In addition, it is also possible that the feedback revolution switching means feeds back the revolution that is obtained by retroactively averaging the revolutions from the cylinder immediately prior to a cylinder before the cylinder that is immediately prior when operating under a reduced number of cylinders. Thus, it is possible to keep hatching of the fuel injection amount from occurring due to a marked increase in the fuel injection amount in the cylinder following a stopped cylinder, and this makes it possible to alleviate discrepancies in the exhaust temperature among the cylinders.
In regard to finding the average revolution from the cylinder immediately prior to a cylinder before the immediately prior cylinder, the number of retroactive cylinders may be an integer multiple of the number of engine cylinders.
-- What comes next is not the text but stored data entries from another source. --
(* Let $p_0,p_1,p_2,p_3\ge 0$ with $p_0+p_1+p_2+p_3=1$, and let $\Theta:\mathcal{L}(\mathbb{C}^2)\to\mathcal{L}(\mathbb{C}^2)$ be the mixed Pauli channel $\Theta(\rho)=p_0\,\rho+p_1\,\sigma_1\rho\sigma_1+p_2\,\sigma_2\rho\sigma_2+p_3\,\sigma_3\rho\sigma_3$, where $\sigma_1=\begin{pmatrix}0&1\\1&0\end{pmatrix}$, $\sigma_2=\begin{pmatrix}0&-i\\i&0\end{pmatrix}$, $\sigma_3=\begin{pmatrix}1&0\\0&-1\end{pmatrix}$. If at least three of $p_0,p_1,p_2,p_3$ are nonzero, then every channel complementary to $\Theta$ has positive coherent information.
   Context: A quantum channel $\Phi:\mathcal{L}(\mathcal{A})\to\mathcal{L}(\mathcal{B})$ (completely positive, trace-preserving, finite-dimensional spaces) can be written as $\Phi(\rho)=\operatorname{Tr}_{\mathcal{E}}(A\rho A^{\ast})$ for an isometry $A\in\mathcal{L}(\mathcal{A},\mathcal{B}\otimes\mathcal{E})$. For any such representation, the channel $\Psi:\mathcal{L}(\mathcal{A})\to\mathcal{L}(\mathcal{E})$ given by $\Psi(\rho)=\operatorname{Tr}_{\mathcal{B}}(A\rho A^{\ast})$ is called a complementary channel to $\Phi$. The coherent information of a state $\rho$ through $\Psi$ is $\operatorname{I}_{\mathrm{C}}(\rho;\Psi)=\operatorname{H}(\Psi(\rho))-\operatorname{H}(\Phi(\rho))$, with $\operatorname{H}(\sigma)=-\operatorname{Tr}(\sigma\log\sigma)$ the von Neumann entropy (independent of the choice of complementary channel), and the coherent information of $\Psi$ is $\operatorname{I}_{\mathrm{C}}(\Psi)=\max_{\rho}\operatorname{I}_{\mathrm{C}}(\rho;\Psi)$ over input density operators $\rho$. "Positive coherent information" means $\operatorname{I}_{\mathrm{C}}(\Psi)>0$. *)

theory Defs
  imports Complex_Main "Jordan_Normal_Form.Jordan_Normal_Form"
begin

definition sigma1 :: "complex mat" where
  "sigma1 = mat_of_rows_list 2 [[0, 1], [1, 0]]"
definition sigma2 :: "complex mat" where
  "sigma2 = mat_of_rows_list 2 [[0, - \<i>], [\<i>, 0]]"
definition sigma3 :: "complex mat" where
  "sigma3 = mat_of_rows_list 2 [[1, 0], [0, -1]]"

definition adj :: "complex mat \<Rightarrow> complex mat" where
  "adj A = mat (dim_col A) (dim_row A) (\<lambda>(i,j). cnj (A $$ (j,i)))"

definition tr :: "complex mat \<Rightarrow> complex" where
  "tr A = (\<Sum>i<dim_row A. A $$ (i,i))"

definition density :: "nat \<Rightarrow> complex mat \<Rightarrow> bool" where
  "density n \<rho> \<longleftrightarrow> \<rho> \<in> carrier_mat n n \<and> adj \<rho> = \<rho> \<and>
     (\<forall>v :: nat \<Rightarrow> complex. 0 \<le> Re (\<Sum>i<n. \<Sum>j<n. cnj (v i) * \<rho> $$ (i,j) * v j)) \<and>
     tr \<rho> = 1"

definition pauli_channel :: "real \<Rightarrow> real \<Rightarrow> real \<Rightarrow> real \<Rightarrow> complex mat \<Rightarrow> complex mat" where
  "pauli_channel p0 p1 p2 p3 \<rho> =
     complex_of_real p0 \<cdot>\<^sub>m \<rho> + complex_of_real p1 \<cdot>\<^sub>m (sigma1 * \<rho> * sigma1)
     + complex_of_real p2 \<cdot>\<^sub>m (sigma2 * \<rho> * sigma2) + complex_of_real p3 \<cdot>\<^sub>m (sigma3 * \<rho> * sigma3)"

(* C^b \<otimes> C^e is identified with C^(b*e) via (i,k) \<mapsto> i*e + k *)
definition ptrace_E :: "nat \<Rightarrow> nat \<Rightarrow> complex mat \<Rightarrow> complex mat" where
  "ptrace_E b e M = mat b b (\<lambda>(i,j). \<Sum>k<e. M $$ (i*e+k, j*e+k))"
definition ptrace_B :: "nat \<Rightarrow> nat \<Rightarrow> complex mat \<Rightarrow> complex mat" where
  "ptrace_B b e M = mat e e (\<lambda>(k,l). \<Sum>i<b. M $$ (i*e+k, i*e+l))"

definition complementary :: "nat \<Rightarrow> nat \<Rightarrow> nat \<Rightarrow> (complex mat \<Rightarrow> complex mat)
    \<Rightarrow> (complex mat \<Rightarrow> complex mat) \<Rightarrow> bool" where
  "complementary a b e \<Phi> \<Psi> \<longleftrightarrow> (\<exists>A. A \<in> carrier_mat (b*e) a \<and> adj A * A = 1\<^sub>m a \<and>
     (\<forall>\<rho> \<in> carrier_mat a a. \<Phi> \<rho> = ptrace_E b e (A * \<rho> * adj A) \<and>
                              \<Psi> \<rho> = ptrace_B b e (A * \<rho> * adj A)))"

(* von Neumann entropy -Tr(s log s) = - sum of lambda ln lambda over eigenvalues
   (with multiplicity, 0 ln 0 = 0) *)
definition entropy :: "complex mat \<Rightarrow> real" where
  "entropy \<sigma> = - (\<Sum>x\<in>{x. poly (char_poly \<sigma>) x = 0}.
       real (order x (char_poly \<sigma>)) * (if Re x \<le> 0 then 0 else Re x * ln (Re x)))"

definition coh_info_state :: "(complex mat \<Rightarrow> complex mat) \<Rightarrow> (complex mat \<Rightarrow> complex mat)
    \<Rightarrow> complex mat \<Rightarrow> real" where
  "coh_info_state \<Phi> \<Psi> \<rho> = entropy (\<Psi> \<rho>) - entropy (\<Phi> \<rho>)"

(* I_C(Psi) = max over density operators on C^a (the max exists; Sup = max) *)
definition coh_info :: "nat \<Rightarrow> (complex mat \<Rightarrow> complex mat) \<Rightarrow> (complex mat \<Rightarrow> complex mat) \<Rightarrow> real" where
  "coh_info a \<Phi> \<Psi> = Sup (coh_info_state \<Phi> \<Psi> ` {\<rho>. density a \<rho>})"

end

theory Submission
  imports Defs
begin

text \<open>Write \<open>u = p\<^sub>0 + p\<^sub>3\<close> and \<open>v = p\<^sub>1 + p\<^sub>2\<close>. Splitting a Stinespring isometry into its
  two blocks gives \<open>\<Psi>(\<rho>) = G (1 \<otimes> \<rho>) G\<^sup>*\<close>, where the Gram matrix \<open>G\<^sup>* G\<close> is determined by
  \<open>\<Theta>\<close> alone; since \<open>GH\<close> and \<open>HG\<close> have the same nonzero spectrum, the entropy of
  \<open>\<Psi>(\<rho>)\<close> does not depend on the choice of the complementary channel. For
  \<open>\<rho> = diag(1 - \<beta>, \<beta>)\<close> the output \<open>\<Theta>(\<rho>)\<close> has eigenvalues \<open>u(1 - \<beta>) + v\<beta>\<close> and
  \<open>u\<beta> + v(1 - \<beta>)\<close>, while the nonzero eigenvalues of \<open>\<Psi>(\<rho>)\<close> are the roots of
  \<open>X\<^sup>2 - uX + 4\<beta>(1 - \<beta>)p\<^sub>0p\<^sub>3\<close> and \<open>X\<^sup>2 - vX + 4\<beta>(1 - \<beta>)p\<^sub>1p\<^sub>2\<close>. At \<open>\<beta> = 0\<close> both
  entropies equal \<open>h(u)\<close>. If three weights are nonzero then \<open>u, v > 0\<close> and one of
  \<open>p\<^sub>0p\<^sub>3, p\<^sub>1p\<^sub>2\<close> is positive, so for small \<open>\<beta>\<close> the entropy of \<open>\<Psi>(\<rho>)\<close> grows like
  \<open>\<beta> ln(1/\<beta>)\<close> while that of \<open>\<Theta>(\<rho>)\<close> moves only by \<open>O(\<beta>)\<close>.\<close>

section \<open>Characteristic polynomials\<close>

lemma det_2x2:
  assumes "(M :: 'a :: comm_ring_1 mat) \<in> carrier_mat 2 2"
  shows "det M = M $$ (0,0) * M $$ (1,1) - M $$ (0,1) * M $$ (1,0)"
proof -
  have "det M = (\<Sum>i<2. M $$ (i,0) * cofactor M i 0)"
    by (rule laplace_expansion_column[OF assms]) auto
  also have "\<dots> = M $$ (0,0) * M $$ (1,1) - M $$ (0,1) * M $$ (1,0)"
    using assms by (simp add: numeral_2_eq_2 cofactor_def det_single mat_delete_def lessThan_Suc)
  finally show ?thesis .
qed

lemma char_poly_2x2:
  assumes "(M :: 'a :: comm_ring_1 mat) \<in> carrier_mat 2 2"
  shows "char_poly M =
    [: M $$ (0,0) * M $$ (1,1) - M $$ (0,1) * M $$ (1,0), - (M $$ (0,0) + M $$ (1,1)), 1 :]"
  unfolding char_poly_def using assms by (subst det_2x2) (simp_all add: char_poly_matrix_def)

lemma char_poly_four_block_diag:
  fixes A :: "'a :: idom mat"
  assumes A: "A \<in> carrier_mat n n" and B: "B \<in> carrier_mat m m"
  shows "char_poly (four_block_mat A (0\<^sub>m n m) (0\<^sub>m m n) B) = char_poly A * char_poly B"
proof -
  let ?cm = "\<lambda>M. [:0, 1:] \<cdot>\<^sub>m 1\<^sub>m (dim_row M) + map_mat (\<lambda>a. [:- a:]) M"
  have "?cm (four_block_mat A (0\<^sub>m n m) (0\<^sub>m m n) B)
      = four_block_mat (?cm A) (0\<^sub>m n m) (0\<^sub>m m n) (?cm B)"
    by (rule eq_matI) (use A B in \<open>auto simp: one_poly_def\<close>)
  moreover have "det \<dots> = det (?cm A) * det (?cm B)"
    by (rule det_four_block_mat_lower_left_zero) (use A B in auto)
  ultimately show ?thesis
    unfolding char_poly_defs using A B by simp
qed

lemma char_poly_matrix_eq:
  assumes "A \<in> carrier_mat n n"
  shows "char_poly_matrix A = [:0,1:] \<cdot>\<^sub>m 1\<^sub>m n - map_mat (\<lambda>a. [:a:]) A"
  by (rule eq_matI) (use assms in \<open>auto simp: char_poly_matrix_def\<close>)

text \<open>Sylvester's determinant identity, \<open>X\<^sup>m \<chi>\<^sub>G\<^sub>H = X\<^sup>n \<chi>\<^sub>H\<^sub>G\<close>, is read off the
  determinant of the following block matrix, by clearing either off-diagonal block.\<close>

definition sylvester_block :: "'a :: comm_ring_1 mat \<Rightarrow> 'a mat \<Rightarrow> 'a poly mat" where
  "sylvester_block G H = four_block_mat ([:0,1:] \<cdot>\<^sub>m 1\<^sub>m (dim_row G))
     (map_mat (\<lambda>a. [:a:]) G) (map_mat (\<lambda>a. [:a:]) H) (1\<^sub>m (dim_row H))"

lemma det_sylvester_block_left:
  fixes G :: "'a :: idom mat"
  assumes G: "G \<in> carrier_mat n m" and H: "H \<in> carrier_mat m n"
  shows "det (sylvester_block G H) = char_poly (G * H)"
proof -
  let ?C = "map_mat (\<lambda>a. [:a:])" and ?X = "[:0,1::'a:]"
  have CG: "?C G \<in> carrier_mat n m" and CH: "?C H \<in> carrier_mat m n" using G H by auto
  have S: "sylvester_block G H = four_block_mat (?X \<cdot>\<^sub>m 1\<^sub>m n) (?C G) (?C H) (1\<^sub>m m)"
    using G H by (simp add: sylvester_block_def)
  define L where "L = four_block_mat (1\<^sub>m n) (- ?C G) (0\<^sub>m m n) (1\<^sub>m m)"
  have L: "L \<in> carrier_mat (n+m) (n+m)" using CG by (simp add: L_def)
  have "L * sylvester_block G H = four_block_mat (1\<^sub>m n * (?X \<cdot>\<^sub>m 1\<^sub>m n) + (- ?C G) * ?C H)
      (1\<^sub>m n * ?C G + (- ?C G) * 1\<^sub>m m) (0\<^sub>m m n * (?X \<cdot>\<^sub>m 1\<^sub>m n) + 1\<^sub>m m * ?C H)
      (0\<^sub>m m n * ?C G + 1\<^sub>m m * 1\<^sub>m m)"
    unfolding L_def S using G H by (intro mult_four_block_mat) auto
  also have "\<dots> = four_block_mat (char_poly_matrix (G * H)) (0\<^sub>m n m) (?C H) (1\<^sub>m m)"
    using CG CH G H
    by (simp add: char_poly_matrix_eq[of "G * H" n] map_poly_mult(1)[OF G H]
        add_uminus_minus_mat[of _ n n] add_uminus_minus_mat[OF CG CG])
  finally have LM: "L * sylvester_block G H = \<dots>" .
  have "det L = 1" unfolding L_def
    by (subst det_four_block_mat_lower_left_zero[of _ n _ m]) (use CG in auto)
  moreover have "det (L * sylvester_block G H) = det L * det (sylvester_block G H)"
    by (rule det_mult[OF L]) (use G H in \<open>auto simp: S\<close>)
  moreover have "det (L * sylvester_block G H) = char_poly (G * H)" unfolding LM char_poly_def
    by (subst det_four_block_mat_upper_right_zero[of _ n _ m]) (use CH G H in auto)
  ultimately show ?thesis by simp
qed
(* For every ${\bf F}(z)=\sum_{c=1}^sF_c(z)\otimes e_c\in\hat\Lambda^{(s)}\otimes V$ and every $N\in{\mathbb N}$, $$E_N\big((\bar\pi_{N-1}\otimes1){\bf F}(z)\big)=\bar\pi_N\big(\mathcal S({\bf F}(z))\big)$$ as elements of $\Lambda^{s,N}_+$.
   Context: Fix $s\ge1$. Let $\hat\Lambda^{(s)}={\mathbb C}[p_{a,k}: a=1,\dots,s,\ k=0,1,2,\dots]$, $e_1,\dots,e_s$ the standard basis of ${\mathbb C}^s$, $V={\mathbb C}[z]\otimes{\mathbb C}^s$. For $c=1,\dots,s$, $\Phi_c(z)$ is the substitution $p_{c,k}\mapsto p_{c,k}+z^k$ ($k\ge0$) and $\Phi_c^{-1}(z)$ the substitution $p_{c,k}\mapsto p_{c,k}-z^k$ ($k\ge0$), other variables unchanged; $\varphi^-_c(z)=\sum_{k\ge0}p_{c,k}z^{-k}$ (multiplication operator). $\langle0|_+$ is the constant-term functional on $\hat\Lambda^{(s)}$. Define $\bar\pi_N(|v\rangle_+)=\sum_{c_1,\dots,c_N}\langle0|_+\Phi_{c_N}(x_N)\cdots\Phi_{c_1}(x_1)|v\rangle_+\,e_{c_1}\otimes\cdots\otimes e_{c_N}\in{\mathbb C}[x_1,\dots,x_N]\otimes({\mathbb C}^s)^{\otimes N}$ (the $i$-th factor carries $x_i$). $\Lambda^{s,N}_+$ is the space of such tensors invariant under all $\sigma_{ij}=K_{ij}P_{ij}$ ($K_{ij}$ swaps $x_i,x_j$; $P_{ij}$ swaps tensor factors $i,j$). $(\bar\pi_{N-1}\otimes1){\bf F}(z)$ denotes $\sum_{c_1,\dots,c_N}\langle0|_+\Phi_{c_N}(x_N)\cdots\Phi_{c_2}(x_2)F_{c_1}(x_1)\,e_{c_1}\otimes\cdots\otimes e_{c_N}$, which is invariant under $\sigma_{ij}$ for $i,j\ge2$. For such a tensor $u$, $E_N(u)=\sum_{j=1}^N\sigma_{1j}(u)$ with $\sigma_{11}=\mathrm{id}$. Finally $\mathcal S({\bf F}(z))\in\hat\Lambda^{(s)}$ is the coefficient of $z^0$ of the Laurent series $\sum_{c=1}^s\varphi^-_c(z)\,\Phi_c^{-1}(z)F_c(z)$ (here $\Phi_c^{-1}(z)$ acts on the $\hat\Lambda^{(s)}$-coefficients of $F_c(z)$). *)

theory Defs
  imports Complex_Main "HOL-Library.Poly_Mapping"
begin

text \<open>Variables: P a k stands for p_{a,k}; Z for the formal variable z; X i for x_i.\<close>
datatype var = P nat nat | Z | X nat

type_synonym pol = "(var \<Rightarrow>\<^sub>0 nat) \<Rightarrow>\<^sub>0 complex"

definition cst :: "complex \<Rightarrow> pol" where
  "cst a = Poly_Mapping.single 0 a"

definition Var :: "var \<Rightarrow> pol" where
  "Var v = Poly_Mapping.single (Poly_Mapping.single v 1) 1"

definition subst :: "(var \<Rightarrow> pol) \<Rightarrow> pol \<Rightarrow> pol" where
  "subst \<sigma> f = (\<Sum>m\<in>Poly_Mapping.keys f.
     cst (Poly_Mapping.lookup f m) *
     (\<Prod>v\<in>Poly_Mapping.keys (m :: var \<Rightarrow>\<^sub>0 nat). \<sigma> v ^ Poly_Mapping.lookup m v))"

definition vars :: "pol \<Rightarrow> var set" where
  "vars f = (\<Union>m\<in>Poly_Mapping.keys f. Poly_Mapping.keys m)"

definition Phi :: "nat \<Rightarrow> pol \<Rightarrow> pol \<Rightarrow> pol" where
  "Phi c w = subst (\<lambda>v. case v of
      P a k \<Rightarrow> (if a = c then Var (P a k) + w ^ k else Var (P a k))
    | _ \<Rightarrow> Var v)"

definition Phi_inv :: "nat \<Rightarrow> pol \<Rightarrow> pol \<Rightarrow> pol" where
  "Phi_inv c w = subst (\<lambda>v. case v of
      P a k \<Rightarrow> (if a = c then Var (P a k) - w ^ k else Var (P a k))
    | _ \<Rightarrow> Var v)"

text \<open>The constant-term functional <0|_+ in the p-variables (extended linearly over the
  remaining variables).\<close>
definition vac :: "pol \<Rightarrow> pol" where
  "vac = subst (\<lambda>v. case v of P a k \<Rightarrow> 0 | _ \<Rightarrow> Var v)"

text \<open>Tensors in C[x_1..x_N] (x) (C^s)^{(x)N} are represented by their coefficient
  functions: c (with c i in {1..s} for i = 1..N) gives the coefficient of
  e_{c 1} (x) ... (x) e_{c N}.\<close>

definition pibar :: "nat \<Rightarrow> pol \<Rightarrow> (nat \<Rightarrow> nat) \<Rightarrow> pol" where
  "pibar N v c = vac (fold (\<lambda>i. Phi (c i) (Var (X i))) [1..<Suc N] v)"

text \<open>(pibar_{N-1} (x) 1) F(z): coefficient at c is
  <0| Phi_{c_N}(x_N) ... Phi_{c_2}(x_2) F_{c_1}(x_1).\<close>
definition pibar_F :: "nat \<Rightarrow> (nat \<Rightarrow> pol) \<Rightarrow> (nat \<Rightarrow> nat) \<Rightarrow> pol" where
  "pibar_F N F c = vac (fold (\<lambda>i. Phi (c i) (Var (X i))) [2..<Suc N]
       (subst (\<lambda>v. if v = Z then Var (X 1) else Var v) (F (c 1))))"

definition swapX :: "nat \<Rightarrow> nat \<Rightarrow> pol \<Rightarrow> pol" where
  "swapX i j = subst (\<lambda>v. case v of
      X k \<Rightarrow> Var (X (if k = i then j else if k = j then i else k))
    | _ \<Rightarrow> Var v)"

text \<open>sigma_{ij} = K_{ij} P_{ij} acting on coefficient functions.\<close>
definition sigma :: "nat \<Rightarrow> nat \<Rightarrow> ((nat \<Rightarrow> nat) \<Rightarrow> pol) \<Rightarrow> (nat \<Rightarrow> nat) \<Rightarrow> pol" where
  "sigma i j u c = swapX i j (u (c(i := c j, j := c i)))"

definition EN :: "nat \<Rightarrow> ((nat \<Rightarrow> nat) \<Rightarrow> pol) \<Rightarrow> (nat \<Rightarrow> nat) \<Rightarrow> pol" where
  "EN N u c = (\<Sum>j=1..N. sigma 1 j u c)"

definition coeffZ :: "nat \<Rightarrow> pol \<Rightarrow> pol" where
  "coeffZ k g = (\<Sum>m\<in>{m\<in>Poly_Mapping.keys g. Poly_Mapping.lookup m Z = k}.
       Poly_Mapping.single (m - Poly_Mapping.single Z k) (Poly_Mapping.lookup g m))"

text \<open>S(F): coefficient of z^0 in sum_c phi^-_c(z) Phi_c^{-1}(z) F_c(z), where
  phi^-_c(z) = sum_k p_{c,k} z^{-k}; for G polynomial in z this coefficient is
  sum_k p_{c,k} [z^k] G (a finite sum over the z-degrees occurring in G).\<close>
definition S :: "nat \<Rightarrow> (nat \<Rightarrow> pol) \<Rightarrow> pol" where
  "S s F = (\<Sum>c=1..s. let G = Phi_inv c (Var Z) (F c) in
       (\<Sum>k\<in>(\<lambda>m. Poly_Mapping.lookup m Z) ` Poly_Mapping.keys G. Var (P c k) * coeffZ k G))"

end

theory Submission
  imports Defs "HOL-Combinatorics.Permutations"
begin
Thus, the engine revolution in the expansion stroke of all cylinders of the internal combustion engine is reflected in the feedback revolution, so that the effects of rotation fluctuation can be eased regardless of the target revolution or the engine load in the revolution.
Further, it is also possible that the feedback revolution switching means feeds back the engine revolution of the cylinder immediately prior when the internal combustion engine is idling. Doing this improves the responsiveness to acceleration commands and fluctuations in the engine load.
Further, if the feedback revolution switching means has estimated the fluctuation in the engine load from a clutch disengage signal, etc., then it can feed back the engine revolution of the cylinder immediately prior during a predetermined load correspond period. Doing this allows drops in engine rotation during load fluctuation to be inhibited. In this case, it is preferable that the load correspond period can be set freely. Thus, even if the period from a fluctuation in the load until the transition to a constant operation state differs for each internal combustion engine depending on the engine type, individual differences or wear due to age, adjustments for such individual differences and wear due to age are possible.
In addition, the scope of the technical idea of the invention also includes an internal combustion engine that is furnished with any one of the revolution control apparatuses presented in the above means for solution.

EFFECTS OF THE INVENTION

As illustrated above, in the invention the engine revolution that is feed back in order to determine the fuel injection amount is a revolution that is obtained by averaging the revolution from the cylinder immediately prior to a cylinder before that cylinder immediately prior, and this allows the number of previous cylinders to be used to calculate the average to be switched according to the engine operation state, and by selecting the feedback revolution, it is possible to achieve a balance between an increase in responsiveness during periods of transition such as load fluctuation and when an acceleration or deceleration command has been made, and an increase in operation stability when the internal combustion engine is in a steady operation state.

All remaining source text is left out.